# Cost of LPG (autogas) in Spain



## 100734 (Aug 28, 2006)

Hi,
Anybody know the cost of LPG bulk supply (autogas) in Spain and Portugal at the moment.

If anybody has any knowledge of the fuel stations supplying gas in Spain I would be pleased to hear of your experiences.

I am traveling down to ayamonte on the borders of Portugal and Spain next month (by the River Guardiana) and then on to Alicante. Have identified the stations shown on websites at Seville and Alicante. And I will fill up over the border in Portugal while down there, does any body know any other useful sites.

thanks

Dave and Lynn Antill


----------



## Don_Madge (May 1, 2005)

Hello Dave & Lynn,

Go to http://www.gas-tankstellen.info/menu.php?language=en_US then do a search for Spain and all will be revealed.

Don


----------



## MicknPat (Jul 18, 2005)

Dave & Lynn,

The only company that I know of in Spain that sells AUTO LPG is Repsol.

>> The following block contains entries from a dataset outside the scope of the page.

lemma PN_uniform_on_balls:
  fixes Gm Gp :: "complex \<Rightarrow> complex" and \<epsilon> :: "'i \<Rightarrow> nat \<Rightarrow> real"
  assumes hm: "Gm holomorphic_on UNIV" and hp: "Gp holomorphic_on UNIV"
    and \<eta>: "0 < \<eta>" "\<eta> < 1/2" and k: "2 \<le> real k * (1/2 - \<eta>)"
    and nonneg: "\<forall>i\<in>I. \<forall>N\<ge>1. 0 \<le> \<epsilon> i N" and small: "\<forall>d>0. \<forall>\<^sub>F N in sequentially. \<forall>i\<in>I. \<epsilon> i N < d"
  shows "(\<forall>K. compact K \<and> K \<subseteq> ball 0 (1 / (4^k + 1)) \<longrightarrow> (\<forall>e>0. \<forall>\<^sub>F N in sequentially.
            \<forall>i\<in>I. \<forall>b'\<in>{-\<eta>..\<eta>}. \<forall>z\<in>K. norm (PN Gm Gp b' (\<epsilon> i N) N z - Gm (z + of_real b')) < e)) \<and>
         (\<forall>K. compact K \<and> K \<subseteq> ball 1 (1 / (4^k + 1)) \<longrightarrow> (\<forall>e>0. \<forall>\<^sub>F N in sequentially.
            \<forall>i\<in>I. \<forall>b'\<in>{-\<eta>..\<eta>}. \<forall>z\<in>K. norm (PN Gm Gp b' (\<epsilon> i N) N z - Gp (z + of_real b')) < e))"
proof -
  define \<delta> :: real where "\<delta> = 1 / (4^k + 1)"
  have holo: "Gm holomorphic_on cball 0 5" "Gp holomorphic_on cball 0 5"
    using hm hp by (auto intro: holomorphic_on_subset)
  then obtain M where M: "\<forall>u\<in>cball 0 5. norm (Gm u) \<le> M \<and> norm (Gp u) \<le> M"
    using bounded_pair_on_compact[of "cball 0 5" Gm Gp] by (auto simp: holomorphic_on_imp_continuous_on)
  have B: "(\<lambda>N. 39 * M / real N + 2 * M * (1/2)^N) \<longlonglongrightarrow> 0"
    by (intro tendsto_add_zero lim_const_over_n tendsto_mult_right_zero LIMSEQ_power_zero) simp
  have cont: "continuous_on (cball 0 2) Gm" "continuous_on (cball 0 2) Gp"
    using hm hp by (auto intro: holomorphic_on_imp_continuous_on holomorphic_on_subset)
  have "ball 0 \<delta> \<subseteq> cball (0::complex) (1/2)" "ball 1 \<delta> \<subseteq> cball (1::complex) (1/2)"
    using inverse_four_pow_plus_one_le_half[of k] by (auto simp: \<delta>_def)
  moreover have "cball (1::complex) (1/2) \<subseteq> cball 0 (3/2)"
    by (intro cball_subset_cball_iff[THEN iffD2]) simp
  ultimately have balls: "ball 0 \<delta> \<subseteq> cball (0::complex) (3/2)" "ball 1 \<delta> \<subseteq> cball (0::complex) (3/2)"
    by auto
  have "\<forall>\<^sub>F N in sequentially. \<forall>i\<in>I. \<forall>b'\<in>{-\<eta>..\<eta>}. \<forall>z\<in>K.
      norm (PN Gm Gp b' (\<epsilon> i N) N z - Gm (z + of_real b')) < e" if "K \<subseteq> ball 0 \<delta>" "e > 0" for K e
  proof (rule eventually_uniform_approx[OF cont(1) _ _ _ _ B _ nonneg small that(2)])
    show "\<And>N e b' z. 1 \<le> N \<Longrightarrow> 0 \<le> e \<Longrightarrow> e < 1 \<Longrightarrow> b' \<in> {-\<eta>..\<eta>} \<Longrightarrow> z \<in> K \<Longrightarrow>
        norm (PN Gm Gp b' e N z - Gm (of_real b' + (1 - of_real e) * z)) \<le> 39 * M / real N + 2 * M * (1/2)^N"
      using k \<eta> that(1) by (intro PN_estimate_near_0[OF holo(1) M \<eta>, where k = k]) (auto simp: \<delta>_def)
  qed (use \<eta> that(1) balls in auto)
  moreover have "\<forall>\<^sub>F N in sequentially. \<forall>i\<in>I. \<forall>b'\<in>{-\<eta>..\<eta>}. \<forall>z\<in>K.
      norm (PN Gm Gp b' (\<epsilon> i N) N z - Gp (z + of_real b')) < e" if "K \<subseteq> ball 1 \<delta>" "e > 0" for K e
  proof (rule eventually_uniform_approx[OF cont(2) _ _ _ _ B _ nonneg small that(2)])
    show "\<And>N e b' z. 1 \<le> N \<Longrightarrow> 0 \<le> e \<Longrightarrow> e < (1/2 - \<eta>) / 2 \<Longrightarrow> b' \<in> {-\<eta>..\<eta>} \<Longrightarrow> z \<in> K \<Longrightarrow>
        norm (PN Gm Gp b' e N z - Gp (of_real b' + (1 - of_real e) * z)) \<le> 39 * M / real N + 2 * M * (1/2)^N"
      using that(1) by (intro PN_estimate_near_1[OF holo(2) M \<eta> k]) (auto simp: \<delta>_def dist_norm norm_minus_commute)
  qed (use \<eta> that(1) balls in auto)
  ultimately show ?thesis
    unfolding \<delta>_def[symmetric] by blast
qed

lemma PN_uniform_on_balls_sequence:
  fixes Gm Gp :: "complex \<Rightarrow> complex" and \<epsilon> :: "nat \<Rightarrow> real"
  assumes "Gm holomorphic_on UNIV" and "Gp holomorphic_on UNIV"
    and "0 < \<eta>" "\<eta> < 1/2" and "2 \<le> real k * (1/2 - \<eta>)"
    and "\<forall>N\<ge>1. 0 \<le> \<epsilon> N" and "\<epsilon> \<longlonglongrightarrow> 0"
  shows "(\<forall>K. compact K \<and> K \<subseteq> ball 0 (1 / (4^k + 1)) \<longrightarrow> (\<forall>e>0. \<forall>\<^sub>F N in sequentially.
            \<forall>b'\<in>{-\<eta>..\<eta>}. \<forall>z\<in>K. norm (PN Gm Gp b' (\<epsilon> N) N z - Gm (z + of_real b')) < e)) \<and>
         (\<forall>K. compact K \<and> K \<subseteq> ball 1 (1 / (4^k + 1)) \<longrightarrow> (\<forall>e>0. \<forall>\<^sub>F N in sequentially.
            \<forall>b'\<in>{-\<eta>..\<eta>}. \<forall>z\<in>K. norm (PN Gm Gp b' (\<epsilon> N) N z - Gp (z + of_real b')) < e))"
  using PN_uniform_on_balls[OF assms(1-5), of "{()}" "\<lambda>_. \<epsilon>"] assms(6,7) order_tendstoD(2)[OF assms(7)]
  by simp

theorem mainTheorem3:
  fixes Gm Gp :: "complex \<Rightarrow> complex" and \<eta> :: real
  assumes "Gm holomorphic_on UNIV" and "Gp holomorphic_on UNIV"
    and "Gm (1/2) = Gp (1/2)"
    and "deriv Gm (1/2) \<noteq> deriv Gp (1/2)"
    and "0 < \<eta>" and "\<eta> < 1/2"
  shows "\<exists>Vm Vp :: complex set. open Vm \<and> 0 \<in> Vm \<and> open Vp \<and> 1 \<in> Vp \<and>
    (\<forall>\<epsilon> :: nat \<Rightarrow> real. (\<forall>N\<ge>1. 0 \<le> \<epsilon> N \<and> \<epsilon> N < 1) \<and> \<epsilon> \<longlonglongrightarrow> 0 \<longrightarrow>
       (\<forall>K. compact K \<and> K \<subseteq> Vm \<longrightarrow> (\<forall>e>0. \<forall>\<^sub>F N in sequentially.
          \<forall>b'\<in>{-\<eta>..\<eta>}. \<forall>z\<in>K. norm (PN Gm Gp b' (\<epsilon> N) N z - Gm (z + of_real b')) < e)) \<and>
       (\<forall>K. compact K \<and> K \<subseteq> Vp \<longrightarrow> (\<forall>e>0. \<forall>\<^sub>F N in sequentially.
          \<forall>b'\<in>{-\<eta>..\<eta>}. \<forall>z\<in>K. norm (PN Gm Gp b' (\<epsilon> N) N z - Gp (z + of_real b')) < e))) \<and>
    (\<forall>(I :: 'i set) (\<epsilon> :: 'i \<Rightarrow> nat \<Rightarrow> real).
       (\<forall>i\<in>I. \<forall>N\<ge>1. 0 \<le> \<epsilon> i N \<and> \<epsilon> i N < 1) \<and>
       (\<forall>i\<in>I. \<epsilon> i \<longlonglongrightarrow> 0) \<and>
       (\<forall>d>0. \<forall>\<^sub>F N in sequentially. \<forall>i\<in>I. \<epsilon> i N < d) \<longrightarrow>
       (\<forall>K. compact K \<and> K \<subseteq> Vm \<longrightarrow> (\<forall>e>0. \<forall>\<^sub>F N in sequentially.
          \<forall>i\<in>I. \<forall>b'\<in>{-\<eta>..\<eta>}. \<forall>z\<in>K. norm (PN Gm Gp b' (\<epsilon> i N) N z - Gm (z + of_real b')) < e)) \<and>
       (\<forall>K. compact K \<and> K \<subseteq> Vp \<longrightarrow> (\<forall>e>0. \<forall>\<^sub>F N in sequentially.
          \<forall>i\<in>I. \<forall>b'\<in>{-\<eta>..\<eta>}. \<forall>z\<in>K. norm (PN Gm Gp b' (\<epsilon> i N) N z - Gp (z + of_real b')) < e)))"
proof -
  obtain k :: nat where "2 / (1/2 - \<eta>) \<le> real k"
    using real_arch_simple by blast
  then have k: "2 \<le> real k * (1/2 - \<eta>)"
    using assms(5,6) by (simp add: field_simps)
  define \<delta> :: real where "\<delta> = 1 / (4^k + 1)"
  have \<delta>: "\<delta> > 0"
    by (simp add: \<delta>_def add_pos_pos)
  note on_balls = PN_uniform_on_balls[OF assms(1,2,5,6) k, folded \<delta>_def]
    and on_balls_sequence = PN_uniform_on_balls_sequence[OF assms(1,2,5,6) k, folded \<delta>_def]
  show ?thesis
  proof (intro exI[of _ "ball 0 \<delta>", OF exI[of _ "ball 1 \<delta>"]] conjI)
    show "open (ball (0::complex) \<delta>)" "open (ball (1::complex) \<delta>)"
      "(0::complex) \<in> ball 0 \<delta>" "(1::complex) \<in> ball 1 \<delta>"
      using \<delta> by simp_all
  qed (intro allI impI; elim conjE; (rule on_balls | rule on_balls_sequence); auto)+
qed

end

This is a link to their map showing the locations of their filling stations .

< Click Here >

I have just myself checked out that Repsol 'link' and it appears to no longer give the address or telephone number of each filling station when you clicked on a station on the map 

We spent 7 months in Spain all on one camp site so the only LPG filling stations we visited were at Alicante and Valencia.

They are not that easy to find so check out the Multimap links I have done.

*Alicante*
www.multimap.com/map/browse.cgi?lat=38.3038&lon=-0.5218&scale=5000&icon=x

*Valencia*

www.multimap.com/map/browse.cgi?lat=39.457&lon=-0.4087&scale=5000&icon=x

Hope this helps?


----------